Texas —Attorney Liability. In Project Runaway—One Day You're In as the Attorney and the Next Day You're Out!, 1 Est. Plan. & Comm. Prop. L.J. 111 (2008), Sharon B. Gardner traces the history of attorney liability in Texas as it relates to probate and trust lawyers, suggests ways to reduce potential liability, and discusses the viability of using arbitration agreements in fee arrangements.

Texas —Trustee's Duty to Disclose. Frank T. Messina analyzes the evolution and current status of a Texas trustee's duty to disclose in To Affirmatively Disclose or to Passively Disclose, That Is the Texas Trustee's Question: What Duty of Disclosure Does a Texas Trustee Owe to a Beneficiary?, 1 Est. Plan. & Comm. Prop. L.J. 237 (2008).

Undue Influence. In Undue Influence and the Law of Wills: A Comparative Analysis, 19 Duke J. Comp. & Int'l L. 41 (2008), Ronald J. Scalise Jr. explores the history of undue influence, examines the concept in American law, and compares it to French and German law by providing comparative insights and lessons.

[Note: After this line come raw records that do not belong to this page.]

(* Let $\mathcal{L}$ be a distributive abstract logic. For all $a,b\in Expr_{\mathcal{L}}$, $a\le b$ if and only if $a\Vdash_{\mathcal{L}} b$.
   Context: An abstract logic is a triple $\mathcal{L}=(Expr_{\mathcal{L}},Th_{\mathcal{L}},\mathcal{C}_{\mathcal{L}})$ where $Expr_{\mathcal{L}}$ is a set, $Th_{\mathcal{L}}$ a non-empty set of subsets of $Expr_{\mathcal{L}}$ (theories) closed under intersections of non-empty subfamilies, and $\mathcal{C}_{\mathcal{L}}$ a set of operations on $Expr_{\mathcal{L}}$. $\mathcal{L}$ is closed under union of chains if the union of every non-empty chain of theories is a theory. A theory $T$ is prime if $T=\bigcap\mathcal{T}$ with $\mathcal{T}\subseteq Th_{\mathcal{L}}$ non-empty finite implies $T\in\mathcal{T}$; totally prime if this holds for non-empty $\mathcal{T}$ of any size. $PTh_{\mathcal{L}}$, $TPTh_{\mathcal{L}}$ denote these sets. A distributive abstract logic is one closed under union of chains with binary connectives $\vee,\wedge$ such that for all $a,b$ and all $T\in TPTh_{\mathcal{L}}$: $a\vee b\in T$ iff $a\in T$ or $b\in T$; $a\wedge b\in T$ iff $a,b\in T$. $b\Vdash_{\mathcal{L}}a$ means $a$ belongs to every theory containing $b$. The order: $a\le b$ iff $S_a\subseteq S_b$, where $S_a=\{P\in PTh_{\mathcal{L}}: a\in P\}$. *)

theory Defs
  imports Main
begin

text \<open>The set of operations C is left implicit;
the connectives of a distributive logic are given as binary operations on E.\<close>

definition abstract_logic :: "'a set \<Rightarrow> 'a set set \<Rightarrow> bool" where
  "abstract_logic E Th \<longleftrightarrow> Th \<noteq> {} \<and> (\<forall>T\<in>Th. T \<subseteq> E) \<and>
     (\<forall>\<T>. \<T> \<subseteq> Th \<and> \<T> \<noteq> {} \<longrightarrow> \<Inter>\<T> \<in> Th)"

definition closed_union_chains :: "'a set set \<Rightarrow> bool" where
  "closed_union_chains Th \<longleftrightarrow>
     (\<forall>\<C>. \<C> \<subseteq> Th \<and> \<C> \<noteq> {} \<and> Complete_Partial_Order.chain (\<subseteq>) \<C> \<longrightarrow> \<Union>\<C> \<in> Th)"

definition prime_theories :: "'a set set \<Rightarrow> 'a set set" where
  "prime_theories Th = {T \<in> Th. \<forall>\<T>. \<T> \<subseteq> Th \<and> \<T> \<noteq> {} \<and> finite \<T> \<and> T = \<Inter>\<T> \<longrightarrow> T \<in> \<T>}"

definition totally_prime_theories :: "'a set set \<Rightarrow> 'a set set" where
  "totally_prime_theories Th = {T \<in> Th. \<forall>\<T>. \<T> \<subseteq> Th \<and> \<T> \<noteq> {} \<and> T = \<Inter>\<T> \<longrightarrow> T \<in> \<T>}"

definition distributive_logic ::
  "'a set \<Rightarrow> 'a set set \<Rightarrow> ('a \<Rightarrow> 'a \<Rightarrow> 'a) \<Rightarrow> ('a \<Rightarrow> 'a \<Rightarrow> 'a) \<Rightarrow> bool" where
  "distributive_logic E Th vee wedge \<longleftrightarrow>
     abstract_logic E Th \<and> closed_union_chains Th \<and>
     (\<forall>a\<in>E. \<forall>b\<in>E. vee a b \<in> E \<and> wedge a b \<in> E) \<and>
     (\<forall>a\<in>E. \<forall>b\<in>E. \<forall>T\<in>totally_prime_theories Th.
        (vee a b \<in> T \<longleftrightarrow> a \<in> T \<or> b \<in> T) \<and> (wedge a b \<in> T \<longleftrightarrow> a \<in> T \<and> b \<in> T))"

definition entails :: "'a set set \<Rightarrow> 'a \<Rightarrow> 'a \<Rightarrow> bool" where
  "entails Th b a \<longleftrightarrow> (\<forall>T\<in>Th. b \<in> T \<longrightarrow> a \<in> T)"

definition S_set :: "'a set set \<Rightarrow> 'a \<Rightarrow> 'a set set" where
  "S_set Th a = {P \<in> prime_theories Th. a \<in> P}"

definition logic_le :: "'a set set \<Rightarrow> 'a \<Rightarrow> 'a \<Rightarrow> bool" where
  "logic_le Th a b \<longleftrightarrow> S_set Th a \<subseteq> S_set Th b"

end

theory Submission
  imports Defs
begin

text \<open>Entailment trivially implies the order. Conversely, if \<open>a\<close> does not entail \<open>b\<close>, some
theory contains \<open>a\<close> but omits \<open>b\<close>; by Zorn's lemma (applicable since unions of chains of
theories are theories) it extends to a theory maximal among those omitting \<open>b\<close>, and such a
maximal theory is (totally) prime. It lies in \<open>S_a\<close> but not in \<open>S_b\<close>.\<close>

lemma totally_prime_theories_subset_prime: "totally_prime_theories Th \<subseteq> prime_theories Th"
  unfolding totally_prime_theories_def prime_theories_def by blast

lemma maximal_theory_omitting_totally_prime:
  assumes "M \<in> Th" "b \<notin> M"
    and maximal: "\<And>X. X \<in> Th \<Longrightarrow> M \<subseteq> X \<Longrightarrow> b \<notin> X \<Longrightarrow> X = M"
  shows "M \<in> totally_prime_theories Th"
  unfolding totally_prime_theories_def
proof (intro CollectI conjI allI impI)
  fix \<T> assume \<T>: "\<T> \<subseteq> Th \<and> \<T> \<noteq> {} \<and> M = \<Inter>\<T>"
  then obtain X where X: "X \<in> \<T>" "b \<notin> X" using \<open>b \<notin> M\<close> by auto
  with \<T> have "X = M" by (intro maximal) auto
  with X show "M \<in> \<T>" by simp
qed (fact \<open>M \<in> Th\<close>)

lemma chain_union_omitting_theory:
  assumes "closed_union_chains Th" "C \<in> chains {X \<in> Th. T \<subseteq> X \<and> b \<notin> X}" "C \<noteq> {}"
  shows "\<Union>C \<in> {X \<in> Th. T \<subseteq> X \<and> b \<notin> X}"
proof -
  have "C \<subseteq> Th" "Complete_Partial_Order.chain (\<subseteq>) C"
    using assms(2) unfolding chains_def chain_subset_def Complete_Partial_Order.chain_def by auto
  then have "\<Union>C \<in> Th" using assms(1,3) unfolding closed_union_chains_def by blast
  with assms(2,3) show ?thesis unfolding chains_def by auto
qed

lemma prime_theory_separation:
  assumes "closed_union_chains Th" "T \<in> Th" "b \<notin> T"
  obtains P where "P \<in> prime_theories Th" "T \<subseteq> P" "b \<notin> P"
proof -
  let ?A = "{X \<in> Th. T \<subseteq> X \<and> b \<notin> X}"
  have "\<exists>U\<in>?A. \<forall>X\<in>C. X \<subseteq> U" if "C \<in> chains ?A" for C
  proof (cases "C = {}")
    case True
    with assms(2,3) show ?thesis by auto
  next
    case False
    show ?thesis using chain_union_omitting_theory[OF assms(1) that False] by blast
  qed
  then obtain M where M: "M \<in> ?A" "\<forall>X\<in>?A. M \<subseteq> X \<longrightarrow> X = M"
    using Zorn_Lemma2[of ?A] by blast
  then have "M \<in> totally_prime_theories Th"
    by (intro maximal_theory_omitting_totally_prime) blast+
  with M show thesis using totally_prime_theories_subset_prime that by blast
qed

theorem corollary3p11:
  assumes "distributive_logic E Th vee wedge"
    and "a \<in> E" and "b \<in> E"
  shows "logic_le Th a b \<longleftrightarrow> entails Th a b"
proof
  assume "entails Th a b"
  then show "logic_le Th a b"
    unfolding logic_le_def S_set_def entails_def prime_theories_def by blast
next
  assume le: "logic_le Th a b"
  have chains_closed: "closed_union_chains Th"
    using assms(1) unfolding distributive_logic_def by blast
  show "entails Th a b"
    unfolding entails_def
  proof (intro ballI impI, rule ccontr)
    fix T assume "T \<in> Th" "a \<in> T" "b \<notin> T"
    obtain P where "P \<in> prime_theories Th" "T \<subseteq> P" "b \<notin> P"
      using prime_theory_separation[OF chains_closed \<open>T \<in> Th\<close> \<open>b \<notin> T\<close>] .
    with le \<open>a \<in> T\<close> show False unfolding logic_le_def S_set_def by blast
  qed
qed

end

Virginia —Update. J. Rodney Johnson reports on Virginia's recent legislative and judicial developments in Wills, Trusts, and Estates, 43 U. Rich. L. Rev. 435 (2008).

LEGISLATION

Michigan authorizes the adoption of deceased individuals under specified circumstances. 2008 Mich. Legis. Serv. 31.

Ohio adopts Revised Uniform Anatomical Gift Act. 2008 Ohio Laws File 164.